*** Begin section ***

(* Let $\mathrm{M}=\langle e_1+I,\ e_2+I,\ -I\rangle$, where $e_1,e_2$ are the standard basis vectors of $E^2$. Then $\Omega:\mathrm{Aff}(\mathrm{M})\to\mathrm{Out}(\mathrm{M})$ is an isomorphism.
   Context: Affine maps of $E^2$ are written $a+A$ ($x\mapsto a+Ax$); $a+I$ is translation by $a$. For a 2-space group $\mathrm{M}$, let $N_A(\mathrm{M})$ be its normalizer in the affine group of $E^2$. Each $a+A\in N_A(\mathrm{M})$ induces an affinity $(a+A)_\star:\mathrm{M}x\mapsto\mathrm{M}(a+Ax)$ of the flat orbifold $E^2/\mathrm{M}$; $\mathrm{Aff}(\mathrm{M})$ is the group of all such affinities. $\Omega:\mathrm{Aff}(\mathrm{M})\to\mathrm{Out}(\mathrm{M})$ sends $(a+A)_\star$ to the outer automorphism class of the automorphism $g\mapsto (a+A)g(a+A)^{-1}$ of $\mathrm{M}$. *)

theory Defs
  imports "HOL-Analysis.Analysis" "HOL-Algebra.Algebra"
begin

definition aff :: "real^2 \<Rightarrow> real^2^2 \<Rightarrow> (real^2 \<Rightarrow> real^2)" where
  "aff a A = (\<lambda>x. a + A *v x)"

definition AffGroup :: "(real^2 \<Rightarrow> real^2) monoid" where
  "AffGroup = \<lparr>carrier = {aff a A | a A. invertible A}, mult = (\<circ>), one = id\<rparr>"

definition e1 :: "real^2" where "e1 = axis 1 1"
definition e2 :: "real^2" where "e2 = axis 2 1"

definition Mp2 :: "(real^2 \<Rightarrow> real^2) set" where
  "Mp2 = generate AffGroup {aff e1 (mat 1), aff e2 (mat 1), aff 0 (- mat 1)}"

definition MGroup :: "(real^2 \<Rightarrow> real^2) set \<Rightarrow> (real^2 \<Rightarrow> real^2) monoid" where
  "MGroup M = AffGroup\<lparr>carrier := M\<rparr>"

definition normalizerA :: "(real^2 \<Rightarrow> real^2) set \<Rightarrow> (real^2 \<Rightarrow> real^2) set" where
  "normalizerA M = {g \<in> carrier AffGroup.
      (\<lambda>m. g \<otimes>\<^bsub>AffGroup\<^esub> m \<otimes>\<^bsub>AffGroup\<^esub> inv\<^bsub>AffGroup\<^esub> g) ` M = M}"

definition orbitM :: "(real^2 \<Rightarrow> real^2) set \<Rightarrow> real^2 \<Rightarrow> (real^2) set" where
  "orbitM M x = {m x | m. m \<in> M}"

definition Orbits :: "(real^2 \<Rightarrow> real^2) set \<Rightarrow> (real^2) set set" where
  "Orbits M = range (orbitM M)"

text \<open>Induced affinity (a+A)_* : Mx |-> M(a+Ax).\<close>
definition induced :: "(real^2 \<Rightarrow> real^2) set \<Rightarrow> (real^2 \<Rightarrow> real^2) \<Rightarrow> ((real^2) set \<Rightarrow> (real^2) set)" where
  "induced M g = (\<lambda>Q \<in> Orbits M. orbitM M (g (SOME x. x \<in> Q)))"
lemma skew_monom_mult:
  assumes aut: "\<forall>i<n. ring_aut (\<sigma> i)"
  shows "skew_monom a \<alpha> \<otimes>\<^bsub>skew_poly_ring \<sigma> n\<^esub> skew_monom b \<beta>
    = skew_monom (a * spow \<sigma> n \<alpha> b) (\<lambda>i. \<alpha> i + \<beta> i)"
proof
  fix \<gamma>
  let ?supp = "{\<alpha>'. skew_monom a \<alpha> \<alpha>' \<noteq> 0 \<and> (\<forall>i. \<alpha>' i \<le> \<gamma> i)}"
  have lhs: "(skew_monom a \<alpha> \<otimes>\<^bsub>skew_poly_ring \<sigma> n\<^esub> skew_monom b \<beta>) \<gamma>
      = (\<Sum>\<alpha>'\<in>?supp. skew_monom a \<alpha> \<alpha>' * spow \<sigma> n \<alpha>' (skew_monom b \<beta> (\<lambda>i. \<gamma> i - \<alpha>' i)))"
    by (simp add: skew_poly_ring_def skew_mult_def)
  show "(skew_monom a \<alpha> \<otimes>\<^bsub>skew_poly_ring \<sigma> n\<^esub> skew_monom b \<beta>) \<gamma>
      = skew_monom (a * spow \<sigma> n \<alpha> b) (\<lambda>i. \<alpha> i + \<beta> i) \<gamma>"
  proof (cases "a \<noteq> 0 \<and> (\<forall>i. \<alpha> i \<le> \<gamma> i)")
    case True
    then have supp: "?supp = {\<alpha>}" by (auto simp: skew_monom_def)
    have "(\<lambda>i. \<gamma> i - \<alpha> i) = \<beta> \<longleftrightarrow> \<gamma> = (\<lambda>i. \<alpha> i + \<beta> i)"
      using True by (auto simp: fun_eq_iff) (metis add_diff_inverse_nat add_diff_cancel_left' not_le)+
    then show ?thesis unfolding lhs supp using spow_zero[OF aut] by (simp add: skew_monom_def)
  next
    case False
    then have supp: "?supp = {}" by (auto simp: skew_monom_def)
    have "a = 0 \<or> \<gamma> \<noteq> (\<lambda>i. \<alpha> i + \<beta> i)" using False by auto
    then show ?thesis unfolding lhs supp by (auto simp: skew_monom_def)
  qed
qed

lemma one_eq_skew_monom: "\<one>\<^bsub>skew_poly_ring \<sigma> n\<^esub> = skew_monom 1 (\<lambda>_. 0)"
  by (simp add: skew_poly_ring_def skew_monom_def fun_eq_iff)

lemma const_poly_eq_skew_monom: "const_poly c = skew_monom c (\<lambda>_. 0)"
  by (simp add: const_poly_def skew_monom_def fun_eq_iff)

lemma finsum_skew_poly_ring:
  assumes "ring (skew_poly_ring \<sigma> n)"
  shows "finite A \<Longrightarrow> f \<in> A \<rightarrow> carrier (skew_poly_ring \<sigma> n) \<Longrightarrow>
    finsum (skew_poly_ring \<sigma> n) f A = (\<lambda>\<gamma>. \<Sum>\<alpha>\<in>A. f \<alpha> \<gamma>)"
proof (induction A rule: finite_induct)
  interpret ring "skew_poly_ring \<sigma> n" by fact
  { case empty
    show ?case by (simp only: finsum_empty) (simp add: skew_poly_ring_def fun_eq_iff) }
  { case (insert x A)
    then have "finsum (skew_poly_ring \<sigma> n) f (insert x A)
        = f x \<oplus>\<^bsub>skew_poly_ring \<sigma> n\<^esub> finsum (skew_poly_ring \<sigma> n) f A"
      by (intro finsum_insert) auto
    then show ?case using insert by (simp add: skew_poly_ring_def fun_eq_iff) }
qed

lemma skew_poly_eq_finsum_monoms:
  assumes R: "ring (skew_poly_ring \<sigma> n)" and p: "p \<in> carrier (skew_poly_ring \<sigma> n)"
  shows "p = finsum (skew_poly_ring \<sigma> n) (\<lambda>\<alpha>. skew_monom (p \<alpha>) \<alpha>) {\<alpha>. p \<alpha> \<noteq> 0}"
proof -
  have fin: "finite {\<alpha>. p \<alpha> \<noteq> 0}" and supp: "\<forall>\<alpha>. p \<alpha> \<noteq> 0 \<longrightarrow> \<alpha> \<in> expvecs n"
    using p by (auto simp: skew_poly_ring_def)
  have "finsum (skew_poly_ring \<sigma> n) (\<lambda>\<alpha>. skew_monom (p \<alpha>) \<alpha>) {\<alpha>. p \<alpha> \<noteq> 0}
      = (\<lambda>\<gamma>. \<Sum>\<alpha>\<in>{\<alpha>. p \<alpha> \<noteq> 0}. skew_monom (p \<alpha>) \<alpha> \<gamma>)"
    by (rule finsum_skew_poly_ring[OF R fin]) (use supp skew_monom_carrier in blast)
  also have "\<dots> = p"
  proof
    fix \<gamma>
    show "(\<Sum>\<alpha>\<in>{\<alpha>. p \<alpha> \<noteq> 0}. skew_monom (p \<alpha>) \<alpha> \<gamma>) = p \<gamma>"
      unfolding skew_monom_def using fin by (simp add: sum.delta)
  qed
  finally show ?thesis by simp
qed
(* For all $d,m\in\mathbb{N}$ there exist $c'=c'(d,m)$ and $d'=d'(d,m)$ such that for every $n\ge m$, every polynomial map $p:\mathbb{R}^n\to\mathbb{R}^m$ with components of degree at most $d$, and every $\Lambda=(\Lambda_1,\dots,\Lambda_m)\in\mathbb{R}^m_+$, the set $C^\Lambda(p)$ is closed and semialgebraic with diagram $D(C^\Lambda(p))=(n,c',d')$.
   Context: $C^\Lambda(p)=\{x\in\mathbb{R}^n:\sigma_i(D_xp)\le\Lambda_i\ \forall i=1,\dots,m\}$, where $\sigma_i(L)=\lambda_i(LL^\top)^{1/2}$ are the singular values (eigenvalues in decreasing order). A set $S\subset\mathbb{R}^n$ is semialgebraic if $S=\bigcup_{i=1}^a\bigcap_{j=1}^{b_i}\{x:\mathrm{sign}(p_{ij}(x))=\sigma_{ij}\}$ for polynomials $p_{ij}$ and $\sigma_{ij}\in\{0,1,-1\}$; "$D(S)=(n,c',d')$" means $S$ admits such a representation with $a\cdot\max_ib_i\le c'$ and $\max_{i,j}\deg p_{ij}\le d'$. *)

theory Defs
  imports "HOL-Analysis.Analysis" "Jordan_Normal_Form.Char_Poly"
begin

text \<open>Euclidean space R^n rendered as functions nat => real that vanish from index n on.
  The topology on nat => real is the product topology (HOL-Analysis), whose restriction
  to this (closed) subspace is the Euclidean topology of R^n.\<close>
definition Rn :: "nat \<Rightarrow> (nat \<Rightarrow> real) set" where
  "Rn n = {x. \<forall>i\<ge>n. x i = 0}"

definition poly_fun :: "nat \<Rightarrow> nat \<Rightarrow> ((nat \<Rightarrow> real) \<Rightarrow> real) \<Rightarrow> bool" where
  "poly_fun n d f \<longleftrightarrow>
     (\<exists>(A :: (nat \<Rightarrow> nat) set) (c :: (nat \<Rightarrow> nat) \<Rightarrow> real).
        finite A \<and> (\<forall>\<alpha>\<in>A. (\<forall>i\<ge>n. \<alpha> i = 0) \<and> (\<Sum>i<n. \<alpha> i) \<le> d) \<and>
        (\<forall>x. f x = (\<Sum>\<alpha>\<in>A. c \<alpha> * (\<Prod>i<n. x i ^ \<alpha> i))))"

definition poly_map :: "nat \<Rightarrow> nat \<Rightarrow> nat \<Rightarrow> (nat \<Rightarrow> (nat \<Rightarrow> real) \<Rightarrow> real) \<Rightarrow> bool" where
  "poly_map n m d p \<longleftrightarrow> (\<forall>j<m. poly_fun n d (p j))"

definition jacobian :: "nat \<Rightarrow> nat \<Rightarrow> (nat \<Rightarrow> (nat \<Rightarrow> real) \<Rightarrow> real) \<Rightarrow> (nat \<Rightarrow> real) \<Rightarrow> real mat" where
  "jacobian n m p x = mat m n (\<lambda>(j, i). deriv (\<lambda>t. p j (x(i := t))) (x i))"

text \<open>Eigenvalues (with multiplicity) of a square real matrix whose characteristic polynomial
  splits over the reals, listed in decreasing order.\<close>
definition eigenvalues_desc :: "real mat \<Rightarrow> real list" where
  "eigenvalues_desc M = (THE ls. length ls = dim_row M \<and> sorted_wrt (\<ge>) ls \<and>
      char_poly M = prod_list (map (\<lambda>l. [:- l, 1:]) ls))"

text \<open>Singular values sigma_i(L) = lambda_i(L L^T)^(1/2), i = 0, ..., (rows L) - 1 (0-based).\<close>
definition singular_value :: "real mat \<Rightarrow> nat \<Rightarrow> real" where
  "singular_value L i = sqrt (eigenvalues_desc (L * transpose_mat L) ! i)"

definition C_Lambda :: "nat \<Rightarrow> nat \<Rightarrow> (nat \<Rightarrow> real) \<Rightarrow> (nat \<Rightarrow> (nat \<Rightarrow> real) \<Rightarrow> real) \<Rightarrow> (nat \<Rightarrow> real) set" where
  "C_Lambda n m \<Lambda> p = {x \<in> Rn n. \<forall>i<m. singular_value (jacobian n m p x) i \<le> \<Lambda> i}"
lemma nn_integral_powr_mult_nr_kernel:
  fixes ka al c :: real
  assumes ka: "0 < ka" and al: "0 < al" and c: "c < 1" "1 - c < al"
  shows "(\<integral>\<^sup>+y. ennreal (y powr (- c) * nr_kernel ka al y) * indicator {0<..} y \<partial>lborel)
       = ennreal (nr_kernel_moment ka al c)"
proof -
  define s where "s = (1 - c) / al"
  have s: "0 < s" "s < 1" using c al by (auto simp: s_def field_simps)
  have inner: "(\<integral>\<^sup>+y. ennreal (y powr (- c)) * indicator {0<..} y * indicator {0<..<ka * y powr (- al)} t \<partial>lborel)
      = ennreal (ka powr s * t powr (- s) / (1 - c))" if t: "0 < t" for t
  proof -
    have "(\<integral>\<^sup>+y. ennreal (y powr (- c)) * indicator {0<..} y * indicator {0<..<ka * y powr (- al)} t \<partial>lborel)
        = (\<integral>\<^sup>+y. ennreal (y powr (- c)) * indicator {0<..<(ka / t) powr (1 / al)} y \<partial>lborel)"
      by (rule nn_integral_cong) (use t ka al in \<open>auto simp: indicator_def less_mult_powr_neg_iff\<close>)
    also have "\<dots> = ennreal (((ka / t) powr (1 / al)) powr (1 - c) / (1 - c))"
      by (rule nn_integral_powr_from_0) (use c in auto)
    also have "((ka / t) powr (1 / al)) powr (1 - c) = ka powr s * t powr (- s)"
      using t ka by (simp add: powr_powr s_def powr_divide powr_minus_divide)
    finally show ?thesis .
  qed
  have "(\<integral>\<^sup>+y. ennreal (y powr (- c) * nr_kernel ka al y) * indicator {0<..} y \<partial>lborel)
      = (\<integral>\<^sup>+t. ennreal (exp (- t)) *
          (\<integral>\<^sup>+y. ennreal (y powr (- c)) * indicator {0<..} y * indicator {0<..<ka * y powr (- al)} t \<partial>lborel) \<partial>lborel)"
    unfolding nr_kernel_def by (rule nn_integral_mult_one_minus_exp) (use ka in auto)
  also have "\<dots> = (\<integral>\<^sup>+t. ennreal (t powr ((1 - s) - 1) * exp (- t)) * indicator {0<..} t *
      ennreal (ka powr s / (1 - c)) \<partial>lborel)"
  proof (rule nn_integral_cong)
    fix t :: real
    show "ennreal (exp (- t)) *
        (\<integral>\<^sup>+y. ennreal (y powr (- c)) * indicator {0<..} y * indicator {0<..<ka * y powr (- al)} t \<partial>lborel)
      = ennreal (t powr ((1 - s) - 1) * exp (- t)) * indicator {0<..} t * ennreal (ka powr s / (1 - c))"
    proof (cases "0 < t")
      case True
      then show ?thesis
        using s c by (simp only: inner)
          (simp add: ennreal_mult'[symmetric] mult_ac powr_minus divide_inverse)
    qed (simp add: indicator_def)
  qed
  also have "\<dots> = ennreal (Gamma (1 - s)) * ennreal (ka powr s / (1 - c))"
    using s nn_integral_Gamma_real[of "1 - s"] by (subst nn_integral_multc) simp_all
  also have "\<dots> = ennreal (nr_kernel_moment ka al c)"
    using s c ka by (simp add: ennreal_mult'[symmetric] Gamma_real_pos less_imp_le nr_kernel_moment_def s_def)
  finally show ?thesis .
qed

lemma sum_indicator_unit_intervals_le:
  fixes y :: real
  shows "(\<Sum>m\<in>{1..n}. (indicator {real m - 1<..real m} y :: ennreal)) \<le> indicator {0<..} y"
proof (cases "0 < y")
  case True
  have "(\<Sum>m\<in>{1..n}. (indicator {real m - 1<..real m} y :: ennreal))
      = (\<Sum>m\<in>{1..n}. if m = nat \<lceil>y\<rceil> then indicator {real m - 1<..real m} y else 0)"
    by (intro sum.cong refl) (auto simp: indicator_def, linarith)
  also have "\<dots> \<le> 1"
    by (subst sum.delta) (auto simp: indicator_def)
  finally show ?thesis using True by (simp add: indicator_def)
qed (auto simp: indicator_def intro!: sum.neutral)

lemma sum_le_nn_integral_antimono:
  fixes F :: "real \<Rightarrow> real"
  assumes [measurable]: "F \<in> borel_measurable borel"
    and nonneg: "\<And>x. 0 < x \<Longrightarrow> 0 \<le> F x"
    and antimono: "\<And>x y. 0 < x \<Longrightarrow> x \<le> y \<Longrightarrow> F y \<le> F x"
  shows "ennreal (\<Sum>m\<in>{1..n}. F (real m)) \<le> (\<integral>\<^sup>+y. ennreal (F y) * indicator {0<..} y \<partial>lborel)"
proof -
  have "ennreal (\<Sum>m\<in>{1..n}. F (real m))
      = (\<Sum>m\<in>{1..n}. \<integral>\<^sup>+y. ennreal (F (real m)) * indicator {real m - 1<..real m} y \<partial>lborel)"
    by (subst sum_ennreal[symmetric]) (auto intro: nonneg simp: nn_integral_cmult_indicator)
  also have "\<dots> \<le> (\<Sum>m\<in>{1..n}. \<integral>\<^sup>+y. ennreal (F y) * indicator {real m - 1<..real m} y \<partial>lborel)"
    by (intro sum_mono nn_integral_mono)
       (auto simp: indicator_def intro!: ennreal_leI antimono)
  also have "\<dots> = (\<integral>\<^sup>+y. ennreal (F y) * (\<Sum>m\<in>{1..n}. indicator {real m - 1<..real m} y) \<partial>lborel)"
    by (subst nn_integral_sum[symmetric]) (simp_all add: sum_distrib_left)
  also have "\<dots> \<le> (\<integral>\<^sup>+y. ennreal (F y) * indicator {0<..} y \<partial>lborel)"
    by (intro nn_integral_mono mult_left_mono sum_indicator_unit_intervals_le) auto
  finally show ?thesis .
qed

*** End section ***

Above are the records. Identify each line that contains the word "otimes".

      (\<lambda>m. g \<otimes>\<^bsub>AffGroup\<^esub> m \<otimes>\<^bsub>AffGroup\<^esub> inv\<^bsub>AffGroup\<^esub> g) ` M = M}"
  shows "skew_monom a \<alpha> \<otimes>\<^bsub>skew_poly_ring \<sigma> n\<^esub> skew_monom b \<beta>
  have lhs: "(skew_monom a \<alpha> \<otimes>\<^bsub>skew_poly_ring \<sigma> n\<^esub> skew_monom b \<beta>) \<gamma>
  show "(skew_monom a \<alpha> \<otimes>\<^bsub>skew_poly_ring \<sigma> n\<^esub> skew_monom b \<beta>) \<gamma>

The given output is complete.